-- EXERCISE BRIEF --
How many lines of these entries hold the string "commute"? Answer with the number alone.

-- STORED DATA --
☆ ☆ ☆ ☆ ☆ ☆ ☆

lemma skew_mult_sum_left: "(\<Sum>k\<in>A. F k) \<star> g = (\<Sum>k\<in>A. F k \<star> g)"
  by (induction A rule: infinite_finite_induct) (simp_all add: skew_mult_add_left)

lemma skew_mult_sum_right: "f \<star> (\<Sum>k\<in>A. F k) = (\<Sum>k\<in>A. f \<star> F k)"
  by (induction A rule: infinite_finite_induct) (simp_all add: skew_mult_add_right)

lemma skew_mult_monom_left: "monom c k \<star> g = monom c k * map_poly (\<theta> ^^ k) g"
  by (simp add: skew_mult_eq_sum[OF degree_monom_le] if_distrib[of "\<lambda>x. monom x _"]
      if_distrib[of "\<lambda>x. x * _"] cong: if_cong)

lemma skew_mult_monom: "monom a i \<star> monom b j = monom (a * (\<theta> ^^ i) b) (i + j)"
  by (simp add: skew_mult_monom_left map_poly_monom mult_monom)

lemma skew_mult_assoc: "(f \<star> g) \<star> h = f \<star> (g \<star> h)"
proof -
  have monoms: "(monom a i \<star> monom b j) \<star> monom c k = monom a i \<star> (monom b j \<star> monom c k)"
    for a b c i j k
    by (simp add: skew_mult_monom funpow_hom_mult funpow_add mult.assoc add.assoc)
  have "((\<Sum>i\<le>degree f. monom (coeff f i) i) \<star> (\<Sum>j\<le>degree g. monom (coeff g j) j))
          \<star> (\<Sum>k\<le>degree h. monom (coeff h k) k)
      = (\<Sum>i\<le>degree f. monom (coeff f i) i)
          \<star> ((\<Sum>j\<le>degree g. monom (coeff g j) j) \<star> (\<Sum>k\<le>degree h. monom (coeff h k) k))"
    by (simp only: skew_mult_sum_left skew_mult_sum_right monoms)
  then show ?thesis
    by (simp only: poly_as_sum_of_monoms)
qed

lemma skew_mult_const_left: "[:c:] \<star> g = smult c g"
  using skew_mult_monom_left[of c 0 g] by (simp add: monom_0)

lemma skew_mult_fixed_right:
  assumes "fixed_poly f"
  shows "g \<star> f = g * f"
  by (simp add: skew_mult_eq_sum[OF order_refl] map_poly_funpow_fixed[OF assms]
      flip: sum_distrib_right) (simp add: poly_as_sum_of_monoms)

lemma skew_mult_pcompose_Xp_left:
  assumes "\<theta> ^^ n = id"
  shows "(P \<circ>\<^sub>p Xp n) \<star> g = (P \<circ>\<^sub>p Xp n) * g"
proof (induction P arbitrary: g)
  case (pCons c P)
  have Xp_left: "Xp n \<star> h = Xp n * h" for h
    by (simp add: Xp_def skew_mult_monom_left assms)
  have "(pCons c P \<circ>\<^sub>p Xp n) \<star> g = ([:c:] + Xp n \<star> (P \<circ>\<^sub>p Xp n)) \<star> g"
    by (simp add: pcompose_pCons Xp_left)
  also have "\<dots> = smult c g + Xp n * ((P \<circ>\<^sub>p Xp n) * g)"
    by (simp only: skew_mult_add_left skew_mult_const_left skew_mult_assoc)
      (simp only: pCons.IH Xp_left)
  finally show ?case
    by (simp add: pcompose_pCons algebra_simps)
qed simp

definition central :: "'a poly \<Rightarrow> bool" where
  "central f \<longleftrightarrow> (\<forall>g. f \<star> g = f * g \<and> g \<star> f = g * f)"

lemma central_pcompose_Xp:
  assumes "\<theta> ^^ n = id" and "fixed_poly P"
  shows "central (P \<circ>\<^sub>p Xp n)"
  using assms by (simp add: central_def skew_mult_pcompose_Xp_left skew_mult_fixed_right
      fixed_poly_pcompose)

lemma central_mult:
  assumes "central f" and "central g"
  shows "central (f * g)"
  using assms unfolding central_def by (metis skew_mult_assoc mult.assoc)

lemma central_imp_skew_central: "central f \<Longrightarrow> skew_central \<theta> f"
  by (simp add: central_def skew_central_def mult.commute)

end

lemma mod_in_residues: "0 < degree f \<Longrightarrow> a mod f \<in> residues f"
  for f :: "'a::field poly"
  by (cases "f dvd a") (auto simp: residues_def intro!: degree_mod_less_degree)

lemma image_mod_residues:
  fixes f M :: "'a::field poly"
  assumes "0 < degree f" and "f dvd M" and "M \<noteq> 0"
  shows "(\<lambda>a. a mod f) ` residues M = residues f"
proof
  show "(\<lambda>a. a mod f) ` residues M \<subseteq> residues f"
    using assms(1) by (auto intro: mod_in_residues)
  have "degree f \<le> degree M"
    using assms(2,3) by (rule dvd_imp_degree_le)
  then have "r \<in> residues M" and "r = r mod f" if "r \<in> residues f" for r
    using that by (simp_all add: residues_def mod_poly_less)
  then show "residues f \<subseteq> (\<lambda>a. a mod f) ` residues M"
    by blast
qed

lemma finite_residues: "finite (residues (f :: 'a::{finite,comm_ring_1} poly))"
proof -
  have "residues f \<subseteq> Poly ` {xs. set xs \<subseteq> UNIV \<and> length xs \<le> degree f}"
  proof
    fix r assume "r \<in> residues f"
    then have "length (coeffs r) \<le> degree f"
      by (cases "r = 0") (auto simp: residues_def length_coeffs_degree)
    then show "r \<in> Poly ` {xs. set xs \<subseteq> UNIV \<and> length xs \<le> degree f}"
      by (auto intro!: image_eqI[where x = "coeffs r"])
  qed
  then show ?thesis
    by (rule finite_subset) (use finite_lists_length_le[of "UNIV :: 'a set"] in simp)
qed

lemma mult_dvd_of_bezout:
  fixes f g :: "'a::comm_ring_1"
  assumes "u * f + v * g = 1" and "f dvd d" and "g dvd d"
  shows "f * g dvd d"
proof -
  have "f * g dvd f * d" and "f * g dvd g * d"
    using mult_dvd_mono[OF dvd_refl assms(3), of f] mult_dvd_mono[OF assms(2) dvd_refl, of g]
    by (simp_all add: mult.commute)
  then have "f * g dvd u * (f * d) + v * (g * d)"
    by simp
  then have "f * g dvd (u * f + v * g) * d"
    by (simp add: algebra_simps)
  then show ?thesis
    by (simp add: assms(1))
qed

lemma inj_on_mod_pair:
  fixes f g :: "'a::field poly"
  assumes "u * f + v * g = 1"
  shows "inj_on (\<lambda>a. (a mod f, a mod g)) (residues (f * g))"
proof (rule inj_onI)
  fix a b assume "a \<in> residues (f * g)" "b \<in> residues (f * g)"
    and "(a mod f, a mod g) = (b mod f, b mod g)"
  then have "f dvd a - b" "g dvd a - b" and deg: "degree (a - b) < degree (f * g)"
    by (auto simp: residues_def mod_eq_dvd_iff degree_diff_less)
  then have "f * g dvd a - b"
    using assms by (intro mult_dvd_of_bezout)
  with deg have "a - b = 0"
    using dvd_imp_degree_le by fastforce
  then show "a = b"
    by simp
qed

☆ ☆ ☆ ☆ ☆ ☆ ☆

-- EXERCISE SOLUTION --
2